I facilitated a peace circle yesterday at a local school. I was invited to keep the circle as part of an ongoing “Peacemaker” after-school program. When the circle ended, I engaged the young people in a conversation about recent school-based shootings. First, I asked if they had been impacted by gun violence. All of them had. This isn’t surprising because as a recent report (PDF) by the Children’s Defense Fund suggests: “Gun homicide continued as the leading cause of death among Black teens 15 to 19.” More specifically:
1. Black males 15-19 were eight times as likely as White males of the same age and two-and-a-half times as likely as their Hispanic peers to be killed in a gun homicide in 2009.
2. The leading cause of death among Black teens ages 15 to 19 in 2008 and 2009 was gun homicide. For White teens 15 to 19 it was motor vehicle accidents followed by gun homicide in 2008 and gun suicide in 2009.
Next, I asked how many of them supported stricter gun laws. Specifically, I asked if they would support banning assault weapons. The answer was a resounding NO from all of them. All 14. The adult sponsor of the program appeared stunned at their answers.
I asked why they opposed a ban on assault weapons and got various responses. Some of the young people suggested that banning things just made some folks more likely to want them. One young man said: “It’s like when my mom tells me I can’t have that extra slice of pizza. All I can think about is how much I want it.” Others suggested that the government wouldn’t be able to stop the flow of the assault weapons since they couldn’t do anything about drugs which were already illegal. Another young man said that guns weren’t the problem but rather people’s mindsets were. Finally, one young woman spoke about the need for people to be able to protect themselves from the police. She thought that having an assault weapon would even out the odds with law enforcement if they were to come after you “for no good reason.”
Robert Williams by Billy Dee (for Black/Inside, 2012)
There is obviously a long tradition in the black community of invoking the right to armed self-defense. In the modern era, Robert F. Williams was a vocal proponent of this idea.
In 1955, Williams joined the NAACP in his hometown of Monroe, NC after having served in the Marine Corps. He quickly became the President of the Chapter and rebuilt it to include many veterans, farmers, and working-class people.
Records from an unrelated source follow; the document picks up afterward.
(* Let $G$ and $H$ be Polish groups such that $G$ has the Rosendal property. Let $\varphi:G\to H$ be a continuous homomorphism with $\varphi(G)\neq\{1_H\}$. Let $E$ be an equivalence relation on $G$ such that for every infinite set $I\subseteq\mathbb{N}$ the set $$Q_I=\{g\in G:\text{there is a strictly increasing sequence }(k_n)_{n\ge1}\text{ in } I \text{ with } \varphi(g)^{k_n}\to 1_H\}$$ is $E$-invariant. Then every equivalence class of $E$ that is dense in $G$ is meager. In particular, $E$ does not have a comeager class.
   Context: A Polish group $G$ has the Rosendal property if for every infinite set $I\subseteq\mathbb{N}$ and every neighbourhood $V$ of $1$ in $G$, the set $\{g\in G:\text{there is } n\in I \text{ with } g^n\in V\}$ is dense in $G$. A set is $E$-invariant if it is a union of $E$-classes. *)

theory Defs
  imports "HOL-Analysis.Analysis" "HOL-Algebra.Group"
begin

definition Polish_space :: "'a topology \<Rightarrow> bool" where
  "Polish_space X \<longleftrightarrow> completely_metrizable_space X \<and> separable_space X"

definition topological_group :: "('a, 'm) monoid_scheme \<Rightarrow> 'a topology \<Rightarrow> bool" where
  "topological_group G T \<longleftrightarrow> group G \<and> topspace T = carrier G
     \<and> continuous_map (prod_topology T T) T (\<lambda>(x, y). x \<otimes>\<^bsub>G\<^esub> y)
     \<and> continuous_map T T (\<lambda>x. inv\<^bsub>G\<^esub> x)"

definition Polish_group :: "('a, 'm) monoid_scheme \<Rightarrow> 'a topology \<Rightarrow> bool" where
  "Polish_group G T \<longleftrightarrow> topological_group G T \<and> Polish_space T"

definition neighbourhood :: "'a topology \<Rightarrow> 'a set \<Rightarrow> 'a \<Rightarrow> bool" where
  "neighbourhood T V x \<longleftrightarrow> V \<subseteq> topspace T \<and> (\<exists>U. openin T U \<and> x \<in> U \<and> U \<subseteq> V)"

definition Rosendal_property :: "('a, 'm) monoid_scheme \<Rightarrow> 'a topology \<Rightarrow> bool" where
  "Rosendal_property G T \<longleftrightarrow>
     (\<forall>I :: nat set. \<forall>V. infinite I \<and> neighbourhood T V \<one>\<^bsub>G\<^esub> \<longrightarrow>
        T closure_of {g \<in> carrier G. \<exists>n\<in>I. g [^]\<^bsub>G\<^esub> n \<in> V} = topspace T)"

definition nowhere_dense :: "'a topology \<Rightarrow> 'a set \<Rightarrow> bool" where
  "nowhere_dense T A \<longleftrightarrow> T interior_of (T closure_of A) = {}"

definition meager :: "'a topology \<Rightarrow> 'a set \<Rightarrow> bool" where
  "meager T A \<longleftrightarrow> (\<exists>\<F>. countable \<F> \<and> (\<forall>N\<in>\<F>. nowhere_dense T N) \<and> A \<subseteq> \<Union>\<F>)"

definition comeager :: "'a topology \<Rightarrow> 'a set \<Rightarrow> bool" where
  "comeager T A \<longleftrightarrow> A \<subseteq> topspace T \<and> meager T (topspace T - A)"

definition E_invariant :: "'a set \<Rightarrow> ('a \<times> 'a) set \<Rightarrow> 'a set \<Rightarrow> bool" where
  "E_invariant X E A \<longleftrightarrow> (\<exists>\<C> \<subseteq> X // E. A = \<Union>\<C>)"

end

theory Submission
  imports Defs
begin

text \<open>Fix an infinite \<open>I \<subseteq> \<nat>\<close>. With \<open>B\<^sub>m\<close> the ball of radius \<open>1/(m+1)\<close> about \<open>\<one>\<^sub>H\<close>, the set \<open>Q\<^sub>I\<close>
  contains the intersection over \<open>m, N\<close> of the sets \<open>{g. \<exists>n \<in> I, n \<ge> N. \<phi>(g\<^sup>n) \<in> B\<^sub>m}\<close>,
  which are open by continuity and dense by the Rosendal property, so \<open>Q\<^sub>I\<close> is comeager.
  Being \<open>E\<close>-invariant, \<open>Q\<^sub>I\<close> either contains an \<open>E\<close>-class or is disjoint from it, and then the
  class is meager. So a non-meager class lies in every \<open>Q\<^sub>I\<close>. For \<open>g\<close> in such a class, taking
  for \<open>I\<close> the exponents \<open>n\<close> with \<open>\<phi>(g)\<^sup>n\<close> outside a fixed neighbourhood of \<open>\<one>\<^sub>H\<close> forces
  \<open>\<phi>(g)\<^sup>n \<rightarrow> \<one>\<^sub>H\<close>, whence \<open>\<phi>(g) = \<phi>(g)\<^sup>n\<^sup>+\<^sup>1 \<phi>(g)\<^sup>-\<^sup>n \<rightarrow> \<one>\<^sub>H\<close>. If the class is also dense, the closed
  kernel of \<open>\<phi>\<close> is everything. Finally, a comeager class is dense by the Baire category
  theorem, hence meager, which is impossible in a nonempty Polish space.\<close>

lemma meager_subset:
  assumes "meager X B" "A \<subseteq> B"
  shows "meager X A"
proof -
  obtain \<F> where "countable \<F>" "\<forall>N\<in>\<F>. nowhere_dense X N" "B \<subseteq> \<Union>\<F>"
    using assms(1) unfolding meager_def by blast
  with assms(2) show ?thesis
    unfolding meager_def by blast
qed

lemma nowhere_dense_complement_of_open_dense:
  assumes "openin X U" "X closure_of U = topspace X"
  shows "nowhere_dense X (topspace X - U)"
proof -
  have "X closure_of (topspace X - U) = topspace X - U"
    using assms(1) by (simp add: closure_of_closedin closedin_diff)
  then have "X interior_of X closure_of (topspace X - U) = topspace X - X closure_of U"
    by (simp add: interior_of_complement)
  then show ?thesis
    unfolding nowhere_dense_def assms(2) by simp
qed

lemma meager_if_disjoint_comeager:
  assumes "comeager X S" "C \<subseteq> topspace X" "C \<inter> S = {}"
  shows "meager X C"
proof -
  have "C \<subseteq> topspace X - S"
    using assms(2,3) by blast
  then show ?thesis
    using assms(1) meager_subset unfolding comeager_def by blast
qed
In 1956, the Monroe NAACP started a campaign to integrate the only swimming pool in the city. It had been built with federal funds and yet blacks were barred from access. City officials not only refused to let blacks swim in the pool, they also turned down requests to build a pool that they could use. Williams and the Monroe NAACP took the city to court. This engendered massive backlash from local white community members including members of the KKK. The KKK held rallies, drove around black neighborhoods intimidating residents, and shot guns at people out of moving cars.